Most useful Prometheus queries

Topk – largest k elements by sample value

    topk(k, <metric_expression>)

    Examples

    Top 5 CPU usage metrics

    topk(5, sum(rate(container_cpu_usage_seconds_total[5m])) by (container_name))

    This query calculates the rate of CPU usage for each container over the last 5 minutes, sums it up by container_name, and then returns the top 5 containers with the highest CPU usage.

    Top 10 HTTP Request Rates

    topk(10, sum(rate(http_requests_total[5m])) by (instance))

    This query calculates the rate of HTTP requests for each instance over the last 5 minutes and then returns the top 10 instances with the highest request rates.

    Request rate

    Throughput

    Note: below examples are true for the span metrics generated with the Otel connector.

    Rate of processed requests can be queries as follows:

    sum(rate(duration_seconds_count{job:<service_name>}[5m]))

    The output timeseries is measured in requests per seconds (RPS).

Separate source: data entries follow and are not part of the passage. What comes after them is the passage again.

(* For $\alpha>0$ let $c_2(\alpha)=2\int_0^\infty \ln(z)G_\alpha(z)g_\alpha(z)\,dz$ and $\beta_0(\alpha)=\psi^{-1}(c_2(\alpha))-\alpha$. Then $\beta_0(\alpha)\in(0,\alpha)$, and, for estimating $H_S(\underline\theta)$ under squared error loss: (a) the generalized Bayes estimators $\delta_{\psi(\alpha+\beta)}(X_1,X_2)=\ln Z_2-\psi(\alpha+\beta)$ with $0\le\beta\le\beta_0(\alpha)$ are admissible within the class $\mathcal K_1$; (b) for $\beta\in(-\alpha,0)\cup(\beta_0(\alpha),\infty)$ the estimator $\delta_{\psi(\alpha+\beta)}$ is inadmissible; specifically, for $\beta\in(-\alpha,0)$ it is dominated by $\delta_{\psi(\alpha)}(X_1,X_2)=\ln Z_2-\psi(\alpha)$, and for $\beta>\beta_0(\alpha)$ it is dominated by $\delta_{c_2(\alpha)}(X_1,X_2)=\ln Z_2-c_2(\alpha)$.
   Context: Fix a known $\alpha>0$. $X_1,X_2$ are independent, $X_i$ having density $f(x\mid\theta_i)=\frac{x^{\alpha-1}e^{-x/\theta_i}}{\Gamma(\alpha)\theta_i^{\alpha}}$, $x>0$, with unknown $\underline\theta=(\theta_1,\theta_2)\in\Theta=(0,\infty)^2$. $Z_1=\min\{X_1,X_2\}$, $Z_2=\max\{X_1,X_2\}$. $H_S(\underline\theta)=\ln\theta_1\, I(X_1\ge X_2)+\ln\theta_2\, I(X_1<X_2)$. $\psi$ is the digamma function (strictly increasing on $(0,\infty)$, with inverse $\psi^{-1}$); $G_\alpha,g_\alpha$ are the distribution function and density of the gamma distribution with shape $\alpha$, scale $1$. For $c\in\mathbb R$, $\delta_c(X_1,X_2)=\ln Z_2-c$, and $\mathcal K_1=\{\delta_c:c\in\mathbb R\}$. Risk: $R(\underline\theta,\delta)=\mathbb E_{\underline\theta}(\delta(X_1,X_2)-H_S(\underline\theta))^2$. $\delta'$ dominates $\delta$ if its risk is $\le$ for all $\underline\theta$ and $<$ for some; $\delta$ is inadmissible if dominated by some estimator; $\delta\in\mathcal K_1$ is admissible within $\mathcal K_1$ if no member of $\mathcal K_1$ dominates it. *)

theory Defs
  imports "HOL-Analysis.Analysis"
begin

definition gamma_dens :: "real \<Rightarrow> real \<Rightarrow> real \<Rightarrow> real" where
  "gamma_dens \<alpha> \<theta> x =
     (if x > 0 then x powr (\<alpha> - 1) * exp (- x / \<theta>) / (Gamma \<alpha> * \<theta> powr \<alpha>) else 0)"

definition g_std :: "real \<Rightarrow> real \<Rightarrow> real" where
  "g_std \<alpha> z = gamma_dens \<alpha> 1 z"

definition G_std :: "real \<Rightarrow> real \<Rightarrow> real" where
  "G_std \<alpha> z = (LINT t:{..z}|lborel. g_std \<alpha> t)"

definition H_S :: "real \<Rightarrow> real \<Rightarrow> real \<Rightarrow> real \<Rightarrow> real" where
  "H_S \<theta>1 \<theta>2 x1 x2 = (if x1 \<ge> x2 then ln \<theta>1 else ln \<theta>2)"

definition delta :: "real \<Rightarrow> real \<Rightarrow> real \<Rightarrow> real" where
  "delta c x1 x2 = ln (max x1 x2) - c"

definition risk :: "real \<Rightarrow> real \<Rightarrow> real \<Rightarrow> (real \<Rightarrow> real \<Rightarrow> real) \<Rightarrow> ennreal" where
  "risk \<alpha> \<theta>1 \<theta>2 d =
     (\<integral>\<^sup>+ p. ennreal ((d (fst p) (snd p) - H_S \<theta>1 \<theta>2 (fst p) (snd p))\<^sup>2
                 * gamma_dens \<alpha> \<theta>1 (fst p) * gamma_dens \<alpha> \<theta>2 (snd p))
       \<partial>(lborel \<Otimes>\<^sub>M lborel))"

definition dominates :: "real \<Rightarrow> (real \<Rightarrow> real \<Rightarrow> real) \<Rightarrow> (real \<Rightarrow> real \<Rightarrow> real) \<Rightarrow> bool" where
  "dominates \<alpha> d' d \<longleftrightarrow>
     (\<forall>\<theta>1>0. \<forall>\<theta>2>0. risk \<alpha> \<theta>1 \<theta>2 d' \<le> risk \<alpha> \<theta>1 \<theta>2 d) \<and>
     (\<exists>\<theta>1>0. \<exists>\<theta>2>0. risk \<alpha> \<theta>1 \<theta>2 d' < risk \<alpha> \<theta>1 \<theta>2 d)"

definition inadmissible :: "real \<Rightarrow> (real \<Rightarrow> real \<Rightarrow> real) \<Rightarrow> bool" where
  "inadmissible \<alpha> d \<longleftrightarrow>
     (\<exists>d'. (\<lambda>p. d' (fst p) (snd p)) \<in> borel_measurable (lborel \<Otimes>\<^sub>M lborel) \<and> dominates \<alpha> d' d)"

definition admissible_K1 :: "real \<Rightarrow> (real \<Rightarrow> real \<Rightarrow> real) \<Rightarrow> bool" where
  "admissible_K1 \<alpha> d \<longleftrightarrow> \<not> (\<exists>c. dominates \<alpha> (delta c) d)"

definition c2 :: "real \<Rightarrow> real" where
  "c2 \<alpha> = 2 * (LINT z:{0<..}|lborel. ln z * G_std \<alpha> z * g_std \<alpha> z)"

definition Digamma_inv :: "real \<Rightarrow> real" where
  "Digamma_inv y = (THE x. x > 0 \<and> Digamma x = y)"

definition beta0 :: "real \<Rightarrow> real" where
  "beta0 \<alpha> = Digamma_inv (c2 \<alpha>) - \<alpha>"

end

theory Submission
  imports Defs "HOL-Probability.Probability"
begin

text \<open>
  Write \<open>X\<^sub>i = \<theta>\<^sub>i V\<^sub>i\<close> with \<open>V\<^sub>1, V\<^sub>2\<close> independent standard gamma variables of shape
  \<open>\<alpha>\<close>. Then \<open>ln Z\<^sub>2 - H\<^sub>S(\<theta>) = ln V\<^sub>J\<close>, where \<open>J\<close> is the index attaining \<open>Z\<^sub>2\<close>, so the
  risk of \<open>\<delta>\<^sub>c\<close> is \<open>E (ln V\<^sub>J - c)\<^sup>2\<close> and two members \<open>\<delta>\<^sub>u, \<delta>\<^sub>v\<close> of \<open>K\<^sub>1\<close> compare
  according to the sign of \<open>(u - v) (u + v - 2 B(\<theta>))\<close> with \<open>B(\<theta>) = E ln V\<^sub>J\<close>.
  The mean \<open>B(\<theta>)\<close> always exceeds \<open>\<psi>(\<alpha>) = E ln V\<^sub>1\<close>, tends to \<open>\<psi>(\<alpha>)\<close> as
  \<open>\<theta>\<^sub>2/\<theta>\<^sub>1 \<rightarrow> 0\<close>, and never exceeds its value \<open>E max(ln V\<^sub>1, ln V\<^sub>2) = c\<^sub>2(\<alpha>)\<close> at
  \<open>\<theta>\<^sub>1 = \<theta>\<^sub>2\<close>. Hence raising \<open>c < \<psi>(\<alpha>)\<close> to \<open>\<psi>(\<alpha>)\<close>, or lowering \<open>c > c\<^sub>2(\<alpha>)\<close> to
  \<open>c\<^sub>2(\<alpha>)\<close>, lowers the risk at every \<open>\<theta>\<close>, while for \<open>\<psi>(\<alpha>) \<le> c \<le> c\<^sub>2(\<alpha>)\<close> every other
  constant is worse at some \<open>\<theta>\<close>.
  Finally \<open>\<psi>(\<alpha>) < c\<^sub>2(\<alpha>) < E ln (V\<^sub>1 + V\<^sub>2) = \<psi>(2\<alpha>)\<close> because \<open>V\<^sub>1 + V\<^sub>2\<close> is gamma
  of shape \<open>2\<alpha>\<close>, and monotonicity of \<open>\<psi>\<close> turns this into \<open>0 < \<beta>\<^sub>0(\<alpha>) < \<alpha>\<close>.
\<close>

lemma ln_sq_le_powr:
  fixes z e :: real
  assumes "z > 0" "e > 0"
  shows "(e * ln z)\<^sup>2 \<le> z powr (2 * e) + z powr (- (2 * e))"
proof -
  have ln_le: "t * ln z \<le> z powr t" for t
    using ln_le_minus_one[of "z powr t"] assms by (simp add: ln_powr)
  have sq: "(z powr t)\<^sup>2 = z powr (2 * t)" for t
    by (metis mult_2 powr_add power2_eq_square)
  show ?thesis
  proof (cases "ln z \<ge> 0")
    case True
    have "(e * ln z)\<^sup>2 \<le> (z powr e)\<^sup>2"
      using True assms ln_le[of e] by (intro power_mono) simp_all
    moreover have "z powr (- (2 * e)) \<ge> 0" by simp
    ultimately show ?thesis using sq[of e] by linarith
  next
    case False
    have "(- (e * ln z))\<^sup>2 \<le> (z powr (- e))\<^sup>2"
      using False assms ln_le[of "- e"] by (intro power_mono) (simp_all add: mult_le_0_iff)
    then have "(e * ln z)\<^sup>2 \<le> z powr (- (2 * e))" using sq[of "- e"] by simp
    then show ?thesis using powr_ge_zero[of z "2 * e"] by linarith
  qed
qed

lemma abs_exp_minus_one_le: "\<bar>exp t - 1\<bar> \<le> \<bar>t\<bar> * (exp t + 1)" for t :: real
proof (cases "t \<ge> 0")
  case True
  have "exp t * (1 - t) \<le> exp t * exp (- t)"
    using exp_ge_add_one_self[of "- t"] by (intro mult_left_mono) auto
  then have "exp t - 1 \<le> t * exp t" by (simp add: algebra_simps exp_minus_inverse)
  then show ?thesis using True by (simp add: algebra_simps)
next
  case False
  then have "exp t < 1" by simp
  then have "\<bar>exp t - 1\<bar> \<le> \<bar>t\<bar>" using exp_ge_add_one_self[of t] False by linarith
  also have "\<dots> \<le> \<bar>t\<bar> * (exp t + 1)" by (simp add: mult_le_cancel_left1)
  finally show ?thesis .
qed

lemma abs_powr_minus_one_le:
  fixes z h c :: real
  assumes "z > 0" "0 < h" "h \<le> c"
  shows "\<bar>z powr h - 1\<bar> \<le> h * \<bar>ln z\<bar> * (z powr c + 2)"
proof -
  have "z powr h \<le> z powr c + 1"
  proof (cases "z \<le> 1")
    case True
    then have "z powr h \<le> 1" using assms by (intro powr_le1) auto
    then show ?thesis using powr_ge_zero[of z c] by linarith
  next
    case False
    then have "z powr h \<le> z powr c" using assms by (intro powr_mono) auto
    then show ?thesis by simp
  qed
  moreover have "\<bar>z powr h - 1\<bar> \<le> h * \<bar>ln z\<bar> * (z powr h + 1)"
    using abs_exp_minus_one_le[of "h * ln z"] assms by (simp add: powr_def abs_mult mult.commute)
  ultimately show ?thesis
    using assms by (elim order.trans) (intro mult_left_mono; simp)
qed

lemma (in prob_space) distr_pair_snd:
  assumes "sigma_finite_measure N"
  shows "distr (M \<Otimes>\<^sub>M N) N snd = N"
proof (rule measure_eqI)
  fix A assume A: "A \<in> sets (distr (M \<Otimes>\<^sub>M N) N snd)"
  then have "emeasure (distr (M \<Otimes>\<^sub>M N) N snd) A = emeasure (M \<Otimes>\<^sub>M N) (space M \<times> A)"
    by (auto simp: emeasure_distr space_pair_measure dest: sets.sets_into_space
        intro!: arg_cong2[where f = emeasure])
  with A show "emeasure (distr (M \<Otimes>\<^sub>M N) N snd) A = emeasure N A"
    by (simp add: sigma_finite_measure.emeasure_pair_measure_Times[OF assms] emeasure_space_1)
qed simp

lemma integral_pos_of_pos_on:
  fixes f :: "'a \<Rightarrow> real"
  assumes f: "integrable N f" and nonneg: "AE x in N. f x \<ge> 0"
    and S: "S \<in> sets N" "emeasure N S > 0" and pos: "\<And>x. x \<in> S \<Longrightarrow> f x > 0"
  shows "integral\<^sup>L N f > 0"
proof -
  have "integral\<^sup>L N f \<noteq> 0"
  proof
    assume "integral\<^sup>L N f = 0"
    then have "AE x in N. f x = 0" using integral_nonneg_eq_0_iff_AE[OF f nonneg] by simp
    then have "AE x in N. x \<notin> S" by eventually_elim (use pos in force)
    moreover have "{x \<in> space N. \<not> x \<notin> S} = S" using sets.sets_into_space[OF S(1)] by auto
    ultimately have "emeasure N S = 0" using AE_iff_measurable[OF S(1)] by simp
    with S(2) show False by simp
  qed
  with integral_nonneg_AE[OF nonneg] show ?thesis by simp
qed

lemma (in prob_space) integral_sq_diff_shift:
  fixes w :: "'a \<Rightarrow> real"
  assumes "integrable M w" "integrable M (\<lambda>x. (w x)\<^sup>2)"
  shows "(\<integral>x. (w x - u)\<^sup>2 \<partial>M) - (\<integral>x. (w x - v)\<^sup>2 \<partial>M) = (u - v) * (u + v - 2 * expectation w)"
proof -
  have "(\<lambda>x. (w x - c)\<^sup>2) = (\<lambda>x. (w x)\<^sup>2 - 2 * c * w x + c\<^sup>2)" for c
    by (simp add: power2_diff algebra_simps)
  then have "(\<integral>x. (w x - c)\<^sup>2 \<partial>M) = (\<integral>x. (w x)\<^sup>2 \<partial>M) - 2 * c * expectation w + c\<^sup>2" for c
    using assms by (simp add: prob_space)
  then show ?thesis by (simp add: power2_eq_square algebra_simps)
qed

definition gamma_kernel :: "real \<Rightarrow> real \<Rightarrow> real" where
  "gamma_kernel b z = (if z > 0 then z powr (b - 1) * exp (- z) else 0)"

lemma borel_measurable_gamma_kernel [measurable]: "gamma_kernel b \<in> borel_measurable borel"
  unfolding gamma_kernel_def by measurable

lemma gamma_kernel_nonneg: "gamma_kernel b z \<ge> 0"
  unfolding gamma_kernel_def by auto

lemma powr_mult_gamma_kernel: "z powr e * gamma_kernel b z = gamma_kernel (b + e) z"
  unfolding gamma_kernel_def by (simp add: powr_add[symmetric] algebra_simps)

    If you prefer to see requests per minute (RPM) then multiply it by 60:

    sum(rate(duration_seconds_count{job:<service_name>}[5m])) * 60

    Hit rate

    It might be interesting to look at the rate of hits the service. Ideally it should be close to the throughput. Throughput rate cannot be higher than the hit rate. As before – its hits per seconds.

    sum(rate(calls_total{}[5m]))

    P95 response duration

    histogram_quantile(0.95, sum(rate(duration_seconds_bucket{span_kind=~"SPAN_KIND_SERVER|SPAN_KIND_CONSUMER", job=<service_name>} [5m])) by (le))